# Daylight Savings



## aerialplug (Oct 20, 2000)

I've every faith that TiVo will handle the change from BST to GMT (or is it UT) tonight.

However, I was wondering how a TiVo would cope with a change in the rules for DST as has happened in the US this year and different dates to the current formula were chosen to change the times.

Does anyone know?


----------



## threadkiller (Dec 12, 2002)

you've more faith than me then, I always have to reboot mine to get the time right  as to coping if we changed DST, then at a guess it would be down to the central time servers.


----------



## OzSat (Feb 15, 2001)

I've never had a problem with time changes on TiVo.

Some recording look on times in Sky planner - but always work as they should.


----------



## cwaring (Feb 12, 2002)

Never a problem here either

Of course, TivoWeb users should note that they have to fully re-start to get TW into the right time-zone again. (I don't think a 're-load' will do it, but I'm sure someone will correct me if I'm wrong )


----------



## AENG (Dec 20, 2000)

threadkiller said:


> I always have to reboot mine to get the time right


That's odd. No idea why, but if my arithmetic is correct my TiVos have experienced 26 clock changes between them and I don't recall having to intervene at all


----------



## aerialplug (Oct 20, 2000)

No intervention has ever been required for TiVo only but I've had to restart Tivoweb for the time change to take place. No reboot required, just a restart of Tivoweb.


----------



## aerialplug (Oct 20, 2000)

Back to the original - time changes for TiVo's clock itself is taken care of by the Linux operating system (which copes well with this).

I wonder however if an operating system modification would be required to correct any changes in the formula that dictates when the clocks change or whether TiVo have already built this into the myworld application.


----------



## aerialplug (Oct 20, 2000)

Back to the original - time changes for TiVo's clock itself is taken care of by the Linux operating system (which copes well with this).

I wonder however if an operating system modification would be required to correct any changes in the formula that dictates when the clocks change or whether TiVo have already built this into the myworld application.
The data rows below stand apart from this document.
(* Let $\mathbb{K}$ be a positive commutative monoid and let $H$ be a hypergraph. If $H$ has the local-to-global consistency property for $\mathbb{K}$-relations, then for every subset $W$ of the set of vertices of $H$, the hypergraph $R(H[W])$ also has the local-to-global consistency property for $\mathbb{K}$-relations.
   Context: A commutative monoid $\mathbb{K}=(K,+,0)$ is positive if $p+q=0$ implies $p=q=0$. Attributes have domains; for a finite attribute set $X$, an $X$-tuple assigns each $A\in X$ a value in its domain; $t[Y]$ is restriction. A $\mathbb{K}$-relation over $X$ is a finitely supported function $R$ from $X$-tuples to $K$ (support $R'$); marginals are $R[Y](t)=\sum_{r\in R',r[Y]=t}R(r)$. For a hypergraph with hyperedges $X_1,\dots,X_m$ (vertices as attributes), a collection $R_1(X_1),\dots,R_m(X_m)$ is pairwise consistent if every two $R_i,R_j$ have a $\mathbb{K}$-relation $W$ over $X_i\cup X_j$ with $W[X_i]=R_i$, $W[X_j]=R_j$, and globally consistent if some $W$ over $X_1\cup\dots\cup X_m$ has $W[X_i]=R_i$ for all $i$. A hypergraph has the local-to-global consistency property for $\mathbb{K}$-relations if every pairwise consistent collection of $\mathbb{K}$-relations over its hyperedges is globally consistent. For $H=(V,E)$ and $W\subseteq V$, $H[W]$ is the hypergraph with vertex set $W$ and hyperedges the non-empty sets $X\cap W$, $X\in E$. The reduction $R(H)$ of a hypergraph $H$ has the same vertices and as hyperedges those hyperedges of $H$ not contained in any other hyperedge of $H$. *)

theory Defs
  imports Main "HOL-Library.FuncSet"
begin

definition positive_monoid :: "'k::comm_monoid_add itself \<Rightarrow> bool" where
  "positive_monoid _ \<longleftrightarrow> (\<forall>p q::'k. p + q = 0 \<longrightarrow> p = 0 \<and> q = 0)"

definition tuples :: "('a \<Rightarrow> 'v set) \<Rightarrow> 'a set \<Rightarrow> ('a \<Rightarrow> 'v) set" where
  "tuples D X = PiE X D"

definition supp :: "(('a \<Rightarrow> 'v) \<Rightarrow> 'k::zero) \<Rightarrow> ('a \<Rightarrow> 'v) set" where
  "supp R = {t. R t \<noteq> 0}"

text \<open>A K-relation over X: finitely supported function from X-tuples to K
  (represented as a function on all of 'a => 'v that vanishes off the X-tuples).\<close>
definition is_krel :: "('a \<Rightarrow> 'v set) \<Rightarrow> 'a set \<Rightarrow> (('a \<Rightarrow> 'v) \<Rightarrow> 'k::zero) \<Rightarrow> bool" where
  "is_krel D X R \<longleftrightarrow> finite (supp R) \<and> supp R \<subseteq> tuples D X"

definition marg :: "(('a \<Rightarrow> 'v) \<Rightarrow> 'k::comm_monoid_add) \<Rightarrow> 'a set \<Rightarrow> ('a \<Rightarrow> 'v) \<Rightarrow> 'k" where
  "marg R Y t = (\<Sum>r \<in> {r \<in> supp R. restrict r Y = t}. R r)"

type_synonym 'a hypergraph = "'a set \<times> 'a set set"

definition hypergraph :: "'a hypergraph \<Rightarrow> bool" where
  "hypergraph H \<longleftrightarrow> finite (fst H) \<and> (\<forall>X \<in> snd H. X \<noteq> {} \<and> X \<subseteq> fst H)"

text \<open>A collection of K-relations indexed by the hyperedges: Rs X is over X.\<close>
definition pairwise_consistent ::
  "('a \<Rightarrow> 'v set) \<Rightarrow> 'a set set \<Rightarrow> ('a set \<Rightarrow> ('a \<Rightarrow> 'v) \<Rightarrow> 'k::comm_monoid_add) \<Rightarrow> bool" where
  "pairwise_consistent D E Rs \<longleftrightarrow>
     (\<forall>X \<in> E. \<forall>Y \<in> E. \<exists>W. is_krel D (X \<union> Y) W \<and> marg W X = Rs X \<and> marg W Y = Rs Y)"

definition globally_consistent ::
  "('a \<Rightarrow> 'v set) \<Rightarrow> 'a set set \<Rightarrow> ('a set \<Rightarrow> ('a \<Rightarrow> 'v) \<Rightarrow> 'k::comm_monoid_add) \<Rightarrow> bool" where
  "globally_consistent D E Rs \<longleftrightarrow>
     (\<exists>W. is_krel D (\<Union>E) W \<and> (\<forall>X \<in> E. marg W X = Rs X))"

definition local_to_global :: "'k::comm_monoid_add itself \<Rightarrow> 'v itself \<Rightarrow> 'a hypergraph \<Rightarrow> bool" where
  "local_to_global _ _ H \<longleftrightarrow>
     (\<forall>(D :: 'a \<Rightarrow> 'v set) (Rs :: 'a set \<Rightarrow> ('a \<Rightarrow> 'v) \<Rightarrow> 'k).
        (\<forall>X \<in> snd H. is_krel D X (Rs X)) \<longrightarrow> pairwise_consistent D (snd H) Rs
        \<longrightarrow> globally_consistent D (snd H) Rs)"

definition induced :: "'a hypergraph \<Rightarrow> 'a set \<Rightarrow> 'a hypergraph" where
  "induced H W = (W, {X \<inter> W | X. X \<in> snd H \<and> X \<inter> W \<noteq> {}})"

definition reduction :: "'a hypergraph \<Rightarrow> 'a hypergraph" where
  "reduction H = (fst H, {X \<in> snd H. \<not> (\<exists>Y \<in> snd H. X \<subset> Y)})"

end

theory Submission
  imports Defs
begin

text \<open>Attributes outside \<open>W\<close> are given a one-element domain, so that \<open>K\<close>-relations over
  \<open>X \<inter> W\<close> become \<open>K\<close>-relations over \<open>X\<close>. A pairwise consistent family on the maximal traces
  \<open>X \<inter> W\<close> is extended to every hyperedge \<open>X\<close> of \<open>H\<close> by marginalising the relation of a
  maximal trace containing \<open>X \<inter> W\<close>; the extension is again pairwise consistent, and
  marginalising a global witness for it back to the traces gives one for the original
  family.\<close>

lemma marg_eq_sum_superset:
  assumes "finite A" "supp R \<subseteq> A"
  shows "marg R Y t = (\<Sum>r \<in> {r \<in> A. restrict r Y = t}. R r)"
  unfolding marg_def
  by (rule sum.mono_neutral_left) (use assms in \<open>auto simp: supp_def\<close>)

lemma supp_marg_subset: "supp (marg R Y) \<subseteq> (\<lambda>r. restrict r Y) ` supp R"
proof
  fix s assume "s \<in> supp (marg R Y)"
  then have "marg R Y s \<noteq> 0" by (simp add: supp_def)
  then have "{r \<in> supp R. restrict r Y = s} \<noteq> {}" unfolding marg_def by force
  then show "s \<in> (\<lambda>r. restrict r Y) ` supp R" by blast
qed

lemma marg_marg:
  assumes fin: "finite (supp R)" and "Y \<subseteq> Z"
  shows "marg (marg R Z) Y = marg R Y"
proof
  fix t
  have YZ: "Y \<inter> Z = Y" "Z \<inter> Y = Y" using \<open>Y \<subseteq> Z\<close> by auto
  let ?I = "(\<lambda>r. restrict r Z) ` supp R"
  have "marg (marg R Z) Y t = (\<Sum>s \<in> {s \<in> ?I. restrict s Y = t}. marg R Z s)"
    by (rule marg_eq_sum_superset) (use fin supp_marg_subset in auto)
  also have "\<dots> = (\<Sum>s \<in> {s \<in> ?I. restrict s Y = t}.
      sum R {r. r \<in> {r \<in> supp R. restrict r Y = t} \<and> restrict r Z = s})"
  proof (rule sum.cong[OF refl])
    fix s assume "s \<in> {s \<in> ?I. restrict s Y = t}"
    then have "restrict s Y = t" by auto
    then have "{r. r \<in> {r \<in> supp R. restrict r Y = t} \<and> restrict r Z = s}
        = {r \<in> supp R. restrict r Z = s}"
      using \<open>Y \<subseteq> Z\<close> by (auto simp: restrict_restrict YZ)
    then show "marg R Z s = sum R {r. r \<in> {r \<in> supp R. restrict r Y = t} \<and> restrict r Z = s}"
      by (simp add: marg_def)
  qed
  also have "\<dots> = sum R {r \<in> supp R. restrict r Y = t}"
    by (rule sum.group) (use fin \<open>Y \<subseteq> Z\<close> in \<open>auto simp: restrict_restrict YZ\<close>)
  finally show "marg (marg R Z) Y t = marg R Y t" by (simp add: marg_def)
qed

lemma is_krel_marg:
  assumes "is_krel D Z R" "Y \<subseteq> Z"
  shows "is_krel D Y (marg R Y)"
proof -
  have "(\<lambda>r. restrict r Y) ` supp R \<subseteq> tuples D Y"
    using assms by (force simp: is_krel_def tuples_def PiE_def Pi_def)
  with supp_marg_subset[of R Y] assms(1) show ?thesis
    by (auto simp: is_krel_def intro: finite_subset)
qed

lemma marg_Int_is_krel:
  assumes "is_krel D Z R"
  shows "marg R (X \<inter> Z) = marg R X"
proof
  fix t
  have "restrict r (X \<inter> Z) = restrict r X" if "r \<in> supp R" for r
    using assms that by (force simp: is_krel_def tuples_def PiE_def extensional_def restrict_def)
  then have "{r \<in> supp R. restrict r (X \<inter> Z) = t} = {r \<in> supp R. restrict r X = t}" by auto
  then show "marg R (X \<inter> Z) t = marg R X t" by (simp add: marg_def)
qed

lemma pairwise_consistent_marg_subset:
  assumes "pairwise_consistent D E Rs" "Y \<in> E" "Y' \<in> E" "Y \<subseteq> Y'"
  shows "marg (Rs Y') Y = Rs Y"
proof -
  obtain V where V: "is_krel D (Y \<union> Y') V" "marg V Y = Rs Y" "marg V Y' = Rs Y'"
    using assms(1-3) unfolding pairwise_consistent_def by blast
  then have "finite (supp V)" by (simp add: is_krel_def)
  with V(2,3) \<open>Y \<subseteq> Y'\<close> show ?thesis by (metis marg_marg)
qed

definition domains_on :: "'a set \<Rightarrow> ('a \<Rightarrow> 'v set) \<Rightarrow> 'a \<Rightarrow> 'v set" where
  "domains_on W D a = (if a \<in> W then D a else {undefined})"

lemma is_krel_domains_on: "is_krel (domains_on W D) X R \<longleftrightarrow> is_krel D (X \<inter> W) R"
proof -
  have "tuples (domains_on W D) X = tuples D (X \<inter> W)"
    unfolding tuples_def PiE_def Pi_def extensional_def domains_on_def
    by (auto split: if_splits)
  then show ?thesis by (simp add: is_krel_def)
qed

lemma pairwise_consistent_domains_on_extension:
  assumes pc: "pairwise_consistent D E Rs"
    and sel: "\<And>X. X \<in> F \<Longrightarrow> sel X \<in> E \<and> X \<inter> W \<subseteq> sel X"
  shows "pairwise_consistent (domains_on W D) F (\<lambda>X. marg (Rs (sel X)) (X \<inter> W))"
  unfolding pairwise_consistent_def
proof (intro ballI)
  fix X1 X2 assume X: "X1 \<in> F" "X2 \<in> F"
  obtain V where V: "is_krel D (sel X1 \<union> sel X2) V"
      "marg V (sel X1) = Rs (sel X1)" "marg V (sel X2) = Rs (sel X2)"
    using pc sel[OF X(1)] sel[OF X(2)] unfolding pairwise_consistent_def by blast
  have fin: "finite (supp V)" using V(1) by (simp add: is_krel_def)
  define U where "U = (X1 \<union> X2) \<inter> W"
  have U: "is_krel D U (marg V U)"
    unfolding U_def by (rule is_krel_marg[OF V(1)]) (use sel[OF X(1)] sel[OF X(2)] in auto)
  have "marg (marg V U) X = marg (Rs (sel X)) (X \<inter> W)" if "X \<in> {X1, X2}" for X
  proof -
    have "X \<inter> W \<subseteq> sel X" using that sel X by auto
    have "marg (marg V U) X = marg (marg V U) (X \<inter> U)"
      by (rule marg_Int_is_krel[OF U, symmetric])
    also have "\<dots> = marg V (X \<inter> W)"
    proof -
      have "X \<inter> U = X \<inter> W" "X \<inter> W \<subseteq> U" using that by (auto simp: U_def)
      then show ?thesis by (simp add: marg_marg[OF fin])
    qed
    also have "\<dots> = marg (marg V (sel X)) (X \<inter> W)"
      by (rule marg_marg[OF fin \<open>X \<inter> W \<subseteq> sel X\<close>, symmetric])
    finally show ?thesis using that V by auto
  qed
  moreover have "is_krel (domains_on W D) (X1 \<union> X2) (marg V U)"
    using U by (simp add: is_krel_domains_on U_def)
  ultimately show "\<exists>G. is_krel (domains_on W D) (X1 \<union> X2) G
      \<and> marg G X1 = marg (Rs (sel X1)) (X1 \<inter> W) \<and> marg G X2 = marg (Rs (sel X2)) (X2 \<inter> W)"
    by blast
qed

lemma local_to_global_traces:
  assumes l2g: "local_to_global TYPE('k::comm_monoid_add) TYPE('v) H"
    and traces: "\<And>Y. Y \<in> E \<Longrightarrow> \<exists>X \<in> snd H. Y = X \<inter> W"
    and covered: "\<And>X. X \<in> snd H \<Longrightarrow> \<exists>Y \<in> E. X \<inter> W \<subseteq> Y"
  shows "local_to_global TYPE('k) TYPE('v) (V, E)"
  unfolding local_to_global_def snd_conv
proof (intro allI impI)
  fix D :: "'a \<Rightarrow> 'v set" and Rs :: "'a set \<Rightarrow> ('a \<Rightarrow> 'v) \<Rightarrow> 'k"
  assume krel: "\<forall>Y \<in> E. is_krel D Y (Rs Y)" and pc: "pairwise_consistent D E Rs"
  obtain sel where sel: "\<And>X. X \<in> snd H \<Longrightarrow> sel X \<in> E \<and> X \<inter> W \<subseteq> sel X"
    using covered by metis
  define Rs' where "Rs' X = marg (Rs (sel X)) (X \<inter> W)" for X
  have "\<forall>X \<in> snd H. is_krel (domains_on W D) X (Rs' X)"
    using is_krel_marg krel sel unfolding is_krel_domains_on Rs'_def by blast
  moreover have "pairwise_consistent (domains_on W D) (snd H) Rs'"
    unfolding Rs'_def by (rule pairwise_consistent_domains_on_extension[OF pc sel])
  ultimately have "globally_consistent (domains_on W D) (snd H) Rs'"
    using l2g unfolding local_to_global_def by blast
  then obtain G where G: "is_krel D (\<Union>(snd H) \<inter> W) G" "\<forall>X \<in> snd H. marg G X = Rs' X"
    unfolding globally_consistent_def is_krel_domains_on by blast
  have fin: "finite (supp G)" using G(1) by (simp add: is_krel_def)
  show "globally_consistent D E Rs"
    unfolding globally_consistent_def
  proof (intro exI conjI ballI)
    show "is_krel D (\<Union>E) (marg G (\<Union>E))"
      by (rule is_krel_marg[OF G(1)]) (use traces in blast)
    fix Y assume "Y \<in> E"
    then obtain X where X: "X \<in> snd H" "Y = X \<inter> W" using traces by blast
    have "X \<inter> (\<Union>(snd H) \<inter> W) = Y" using X by auto
    then have "marg (marg G (\<Union>E)) Y = marg G (X \<inter> (\<Union>(snd H) \<inter> W))"
      using marg_marg[OF fin, of Y "\<Union>E"] \<open>Y \<in> E\<close> by auto
    also have "\<dots> = Rs' X" using marg_Int_is_krel[OF G(1)] G(2) X(1) by simp
    also have "\<dots> = Rs Y"
      using pairwise_consistent_marg_subset[OF pc \<open>Y \<in> E\<close>] sel[OF X(1)] X(2)
      by (simp add: Rs'_def)
    finally show "marg (marg G (\<Union>E)) Y = Rs Y" .
  qed
qed

lemma local_to_global_no_edges:
  assumes "snd H = {}"
  shows "local_to_global TYPE('k::comm_monoid_add) TYPE('v) H"
proof -
  have "is_krel D {} (\<lambda>_. 0 :: 'k)" for D :: "'a \<Rightarrow> 'v set"
    by (simp add: is_krel_def supp_def)
  then show ?thesis using assms by (auto simp: local_to_global_def globally_consistent_def)
qed

lemma reduction_covers:
  assumes "finite (snd H)" "X \<in> snd H"
  shows "\<exists>Y \<in> snd (reduction H). X \<subseteq> Y"
proof -
  obtain Y where "Y \<in> snd H" "X \<subseteq> Y" "\<forall>Z \<in> snd H. Y \<subseteq> Z \<longrightarrow> Y = Z"
    using finite_has_maximal2[OF assms] by blast
  then show ?thesis by (auto simp: reduction_def)
qed

lemma finite_edges_induced:
  assumes "hypergraph H"
  shows "finite (snd (induced H W))"
proof -
  have "finite (snd H)"
    using assms by (auto simp: hypergraph_def intro: finite_subset[of _ "Pow (fst H)"])
  then show ?thesis
    by (auto simp: induced_def intro: finite_subset[of _ "(\<lambda>X. X \<inter> W) ` snd H"])
qed

theorem corollary9:
  fixes H :: "'a hypergraph" and W :: "'a set"
  assumes "positive_monoid TYPE('k::comm_monoid_add)"
    and "hypergraph H"
    and "local_to_global TYPE('k) TYPE('v) H"
    and "W \<subseteq> fst H"
  shows "local_to_global TYPE('k) TYPE('v) (reduction (induced H W))"
proof (cases "snd (reduction (induced H W)) = {}")
  case True
  then show ?thesis by (rule local_to_global_no_edges)
next
  case False
  let ?E = "snd (reduction (induced H W))"
  have "\<exists>Y \<in> ?E. X \<inter> W \<subseteq> Y" if "X \<in> snd H" for X
  proof (cases "X \<inter> W = {}")
    case False
    with that have "X \<inter> W \<in> snd (induced H W)" by (auto simp: induced_def)
    with reduction_covers finite_edges_induced[OF assms(2)] show ?thesis by blast
  qed (use \<open>?E \<noteq> {}\<close> in auto)
  moreover have "\<exists>X \<in> snd H. Y = X \<inter> W" if "Y \<in> ?E" for Y
    using that by (auto simp: reduction_def induced_def)
  moreover have "reduction (induced H W) = (W, ?E)"
    by (simp add: reduction_def induced_def)
  ultimately show ?thesis by (metis local_to_global_traces[OF assms(3)])
qed

end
(third attempt at posting this - "server too busy at the moment")


----------



## OzSat (Feb 15, 2001)

echo


It has been getting busy past few days.


----------



## deshepherd (Nov 30, 2000)

If DST dates changed then I think there's just one file that needs to be updated to give the new timezone info

Unix is pretty comprehensive with its timezone data. I was going to include the "src" data here from my Solaris machine ... but its over 800 lines including a discussion of how until GMT was established in 1847 that "London Mean Time" according to 18th century documents was measured from a point which made it 1min 15secs ahead of GMT ... and includes rules to derive a LMT (London Mean Time) which uses this 1:15 offset if the time/date is before 1847 if the timezone is set to "London". Also includes Dublin time and Belfast time that take accoutn of a 25:21 difference that was used at sometimes + diffs between BST and IST!

Basically, with Unix/Linux I don't think changes to DST is an issue!


----------



## aerialplug (Oct 20, 2000)

A hacked TiVo is no problem, I know and as you say it's a single file change in Unix - but what about all the other people who have never opened their box/


----------



## Pete77 (Aug 1, 2006)

aerialplug said:


> I've every faith that TiVo will handle the change from BST to GMT (or is it UT) tonight.


I'm sure you meant UTC? Which could of course be the same thing as Casablanca time.



> However, I was wondering how a TiVo would cope with a change in the rules for DST as has happened in the US this year and different dates to the current formula were chosen to change the times.
> 
> Does anyone know?


Surely a change in the rules can be handled by a simple change to the section of the Tivo database that holds the timezone data?

What I still want to know though is why it is logical or rational to put our clocks back less than 2 months before the shortest day on Dec 21st but forward more than 3 months after the shortest day.

If we can wait till the end of October to put the clocks back then we ought to be able to put the clocks forward in mid Feb and bring a welcome early to the winter season.


----------



## Benedict (Jun 8, 2002)

Pete77 said:


> What I still want to know though is why it is logical or rational to put our clocks back less than 2 months before the shortest day on Dec 21st but forward more than 3 months after the shortest day.
> 
> If we can wait till the end of October to put the clocks back then we ought to be able to put the clocks forward in mid Feb and bring a welcome early to the winter season.


Mainland Europe used to put clocks back at the end of September - certainly up until the early 90s.

It may be to do with the fact that the rate at which the sunrise and sunset times change is not balanced. Even though December 21st is the shortest day it continues to get darker in the mornings into the first week of Jan, although the nights started getting lighter around the 12/13 December. The opposite is true in June.


----------



## Pete77 (Aug 1, 2006)

Benedict said:


> It may be to do with the fact that the rate at which the sunrise and sunset times change is not balanced. Even though December 21st is the shortest day it continues to get darker in the mornings into the first week of Jan, although the nights started getting lighter around the 12/13 December. The opposite is true in June.


Do you have any reference source on that point with more information.

I was already aware that that the rate of change in the length of day is not constant throughout the 6 month period between the shortest day and longest day and that the length of day changes very little indeed in the 6 weeks before and after the longest and shortest days respectively but at a very rapid rate per day around the equinoxes between mid Feb to mid mid April and mid August to mid October.

However the idea that the days start getting longer and shorter in the morning and evenings at different rates in relation to the longest and shortest days is completely new to me, even as one with an inherent geekish interest in noting and retaining all such types of fact about the natural world.


----------



## Benedict (Jun 8, 2002)

Pete77 said:


> Do you have any reference source on that point with more information.


Try this.


----------



## TCM2007 (Dec 25, 2006)

Pete77 said:


> Surely a change in the rules can be handled by a simple change to the section of the Tivo database that holds the timezone data?.


TIVo may be relying on Linux to do this, not its internal code. Even if it were under Tivoapp's control it could be had-coded in the app, not stored in the database.


----------